(* Consider the model without monotonicity, parametrized by $\boldsymbol{\xi}=(\boldsymbol{p},\boldsymbol{\alpha},\boldsymbol{\pi},\boldsymbol{\delta})$ ranging over the open set $\Xi$ where $\boldsymbol{p}=(p_1,\dots,p_{N_R})$ lies in the open probability simplex, $\alpha_r\in(0,1)$ for each $r$, $\boldsymbol{\pi}_r=(\pi_{ss,r},\pi_{s\bar{s},r},\pi_{\bar{s}\bar{s},r},\pi_{\bar{s}s,r})$ lies in the open probability simplex for each $r$, and $\delta_{zu}\in(0,1)$ for $z\in\{0,1\}$, $u\in\{ss,s\bar{s},\bar{s}\bar{s},\bar{s}s\}$ (so $\Xi$ has dimension $5N_R+7$). Let $f:\Xi\to\mathbb{R}^{8N_R}$ map $\boldsymbol{\xi}$ to the observed cell probabilities $$P(R=r,Z=z,S=s,Y=y)=p_r\,\alpha_r^{z}(1-\alpha_r)^{1-z}\sum_{u\in O(z,s)}\pi_{ur}\,\delta_{zu}^{y}(1-\delta_{zu})^{1-y},$$ for $r\in\{1,\dots,N_R\}$, $z,s,y\in\{0,1\}$. If $N_R\le 2$, then $\boldsymbol{\xi}$ is not locally identifiable at any $\boldsymbol{\xi}_0\in\Xi$: every neighborhood of $\boldsymbol{\xi}_0$ contains some $\boldsymbol{\xi}\neq\boldsymbol{\xi}_0$ with $f(\boldsymbol{\xi})=f(\boldsymbol{\xi}_0)$. Consequently $N_R\ge 3$ is necessary for local identifiability.
   Context: This parametrization is the joint distribution of $(R,Z,U,Y)$ implied by Assumption 1 (randomization: $Z\perp\!\!\!\perp\{S(1),S(0),Y(1),Y(0)\}\mid R$) and Assumption 3 (homogeneity: $R\perp\!\!\!\perp Y(z)\mid U$), with $p_r=P(R=r)$, $\alpha_r=P(Z=1\mid R=r)$, $\pi_{ur}=P(U=u\mid R=r)$, $\delta_{zu}=P(Y=1\mid Z=z,U=u)$. Here $U=(S(1),S(0))$ with values $(1,1),(1,0),(0,1),(0,0)$ labeled $ss,s\bar{s},\bar{s}s,\bar{s}\bar{s}$, and $S=S(Z)$. $O(z,s)$ is the set of strata compatible with observing $Z=z,S=s$: $O(1,1)=\{ss,s\bar{s}\}$, $O(1,0)=\{\bar{s}\bar{s},\bar{s}s\}$, $O(0,1)=\{ss,\bar{s}s\}$, $O(0,0)=\{s\bar{s},\bar{s}\bar{s}\}$. The observed cell probabilities sum to one, so they lie in an affine space of dimension $8N_R-1$. *)

theory Defs
  imports Complex_Main
begin

text \<open>Principal strata U = (S(1),S(0)): ss, s sbar, sbar sbar, sbar s.\<close>
datatype stratum = SS | SSb | SbSb | SbS

fun Ostr :: "nat \<Rightarrow> nat \<Rightarrow> stratum set" where
  "Ostr z s = (if z = 1 then (if s = 1 then {SS, SSb} else {SbSb, SbS})
               else (if s = 1 then {SS, SbS} else {SSb, SbSb}))"

text \<open>Coordinates of the parameter xi = (p, alpha, pi, delta).\<close>
datatype coord = Pc nat | Ac nat | Pic stratum nat | Dc nat stratum

text \<open>The coordinates actually used when there are N strata of R (r = 1..N).\<close>
definition coords :: "nat \<Rightarrow> coord set" where
  "coords N = Pc ` {1..N} \<union> Ac ` {1..N} \<union> {Pic u r | u r. r \<in> {1..N}}
              \<union> {Dc z u | z u. z \<in> {0,1}}"

definition Xi :: "nat \<Rightarrow> (coord \<Rightarrow> real) set" where
  "Xi N = {xi.
     (\<forall>r\<in>{1..N}. xi (Pc r) > 0) \<and> (\<Sum>r=1..N. xi (Pc r)) = 1 \<and>
     (\<forall>r\<in>{1..N}. 0 < xi (Ac r) \<and> xi (Ac r) < 1) \<and>
     (\<forall>r\<in>{1..N}. (\<forall>u. xi (Pic u r) > 0) \<and> (\<Sum>u\<in>UNIV. xi (Pic u r)) = 1) \<and>
     (\<forall>z\<in>{0,1}. \<forall>u. 0 < xi (Dc z u) \<and> xi (Dc z u) < 1)}"

definition cellprob :: "(coord \<Rightarrow> real) \<Rightarrow> nat \<Rightarrow> nat \<Rightarrow> nat \<Rightarrow> nat \<Rightarrow> real" where
  "cellprob xi r z s y =
     xi (Pc r) * xi (Ac r) ^ z * (1 - xi (Ac r)) ^ (1 - z) *
     (\<Sum>u\<in>Ostr z s. xi (Pic u r) * xi (Dc z u) ^ y * (1 - xi (Dc z u)) ^ (1 - y))"

definition same_obs :: "nat \<Rightarrow> (coord \<Rightarrow> real) \<Rightarrow> (coord \<Rightarrow> real) \<Rightarrow> bool" where
  "same_obs N xi xi' = (\<forall>r\<in>{1..N}. \<forall>z\<in>{0,1}. \<forall>s\<in>{0,1}. \<forall>y\<in>{0,1}.
      cellprob xi r z s y = cellprob xi' r z s y)"

definition locally_identifiable :: "nat \<Rightarrow> (coord \<Rightarrow> real) \<Rightarrow> bool" where
  "locally_identifiable N xi0 = (\<exists>e>0. \<forall>xi\<in>Xi N.
      (\<forall>c\<in>coords N. \<bar>xi c - xi0 c\<bar> < e) \<and> same_obs N xi xi0 \<longrightarrow>
      (\<forall>c\<in>coords N. xi c = xi0 c))"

PROBLEM REQUIREMENTS:
Copy the listing word for word, leaving nothing out.

TASK RESULT:
(* Consider the model without monotonicity, parametrized by $\boldsymbol{\xi}=(\boldsymbol{p},\boldsymbol{\alpha},\boldsymbol{\pi},\boldsymbol{\delta})$ ranging over the open set $\Xi$ where $\boldsymbol{p}=(p_1,\dots,p_{N_R})$ lies in the open probability simplex, $\alpha_r\in(0,1)$ for each $r$, $\boldsymbol{\pi}_r=(\pi_{ss,r},\pi_{s\bar{s},r},\pi_{\bar{s}\bar{s},r},\pi_{\bar{s}s,r})$ lies in the open probability simplex for each $r$, and $\delta_{zu}\in(0,1)$ for $z\in\{0,1\}$, $u\in\{ss,s\bar{s},\bar{s}\bar{s},\bar{s}s\}$ (so $\Xi$ has dimension $5N_R+7$). Let $f:\Xi\to\mathbb{R}^{8N_R}$ map $\boldsymbol{\xi}$ to the observed cell probabilities $$P(R=r,Z=z,S=s,Y=y)=p_r\,\alpha_r^{z}(1-\alpha_r)^{1-z}\sum_{u\in O(z,s)}\pi_{ur}\,\delta_{zu}^{y}(1-\delta_{zu})^{1-y},$$ for $r\in\{1,\dots,N_R\}$, $z,s,y\in\{0,1\}$. If $N_R\le 2$, then $\boldsymbol{\xi}$ is not locally identifiable at any $\boldsymbol{\xi}_0\in\Xi$: every neighborhood of $\boldsymbol{\xi}_0$ contains some $\boldsymbol{\xi}\neq\boldsymbol{\xi}_0$ with $f(\boldsymbol{\xi})=f(\boldsymbol{\xi}_0)$. Consequently $N_R\ge 3$ is necessary for local identifiability.
   Context: This parametrization is the joint distribution of $(R,Z,U,Y)$ implied by Assumption 1 (randomization: $Z\perp\!\!\!\perp\{S(1),S(0),Y(1),Y(0)\}\mid R$) and Assumption 3 (homogeneity: $R\perp\!\!\!\perp Y(z)\mid U$), with $p_r=P(R=r)$, $\alpha_r=P(Z=1\mid R=r)$, $\pi_{ur}=P(U=u\mid R=r)$, $\delta_{zu}=P(Y=1\mid Z=z,U=u)$. Here $U=(S(1),S(0))$ with values $(1,1),(1,0),(0,1),(0,0)$ labeled $ss,s\bar{s},\bar{s}s,\bar{s}\bar{s}$, and $S=S(Z)$. $O(z,s)$ is the set of strata compatible with observing $Z=z,S=s$: $O(1,1)=\{ss,s\bar{s}\}$, $O(1,0)=\{\bar{s}\bar{s},\bar{s}s\}$, $O(0,1)=\{ss,\bar{s}s\}$, $O(0,0)=\{s\bar{s},\bar{s}\bar{s}\}$. The observed cell probabilities sum to one, so they lie in an affine space of dimension $8N_R-1$. *)

theory Defs
  imports Complex_Main
begin

text \<open>Principal strata U = (S(1),S(0)): ss, s sbar, sbar sbar, sbar s.\<close>
datatype stratum = SS | SSb | SbSb | SbS

fun Ostr :: "nat \<Rightarrow> nat \<Rightarrow> stratum set" where
  "Ostr z s = (if z = 1 then (if s = 1 then {SS, SSb} else {SbSb, SbS})
               else (if s = 1 then {SS, SbS} else {SSb, SbSb}))"

text \<open>Coordinates of the parameter xi = (p, alpha, pi, delta).\<close>
datatype coord = Pc nat | Ac nat | Pic stratum nat | Dc nat stratum

text \<open>The coordinates actually used when there are N strata of R (r = 1..N).\<close>
definition coords :: "nat \<Rightarrow> coord set" where
  "coords N = Pc ` {1..N} \<union> Ac ` {1..N} \<union> {Pic u r | u r. r \<in> {1..N}}
              \<union> {Dc z u | z u. z \<in> {0,1}}"

definition Xi :: "nat \<Rightarrow> (coord \<Rightarrow> real) set" where
  "Xi N = {xi.
     (\<forall>r\<in>{1..N}. xi (Pc r) > 0) \<and> (\<Sum>r=1..N. xi (Pc r)) = 1 \<and>
     (\<forall>r\<in>{1..N}. 0 < xi (Ac r) \<and> xi (Ac r) < 1) \<and>
     (\<forall>r\<in>{1..N}. (\<forall>u. xi (Pic u r) > 0) \<and> (\<Sum>u\<in>UNIV. xi (Pic u r)) = 1) \<and>
     (\<forall>z\<in>{0,1}. \<forall>u. 0 < xi (Dc z u) \<and> xi (Dc z u) < 1)}"

definition cellprob :: "(coord \<Rightarrow> real) \<Rightarrow> nat \<Rightarrow> nat \<Rightarrow> nat \<Rightarrow> nat \<Rightarrow> real" where
  "cellprob xi r z s y =
     xi (Pc r) * xi (Ac r) ^ z * (1 - xi (Ac r)) ^ (1 - z) *
     (\<Sum>u\<in>Ostr z s. xi (Pic u r) * xi (Dc z u) ^ y * (1 - xi (Dc z u)) ^ (1 - y))"

definition same_obs :: "nat \<Rightarrow> (coord \<Rightarrow> real) \<Rightarrow> (coord \<Rightarrow> real) \<Rightarrow> bool" where
  "same_obs N xi xi' = (\<forall>r\<in>{1..N}. \<forall>z\<in>{0,1}. \<forall>s\<in>{0,1}. \<forall>y\<in>{0,1}.
      cellprob xi r z s y = cellprob xi' r z s y)"

definition locally_identifiable :: "nat \<Rightarrow> (coord \<Rightarrow> real) \<Rightarrow> bool" where
  "locally_identifiable N xi0 = (\<exists>e>0. \<forall>xi\<in>Xi N.
      (\<forall>c\<in>coords N. \<bar>xi c - xi0 c\<bar> < e) \<and> same_obs N xi xi0 \<longrightarrow>
      (\<forall>c\<in>coords N. xi c = xi0 c))"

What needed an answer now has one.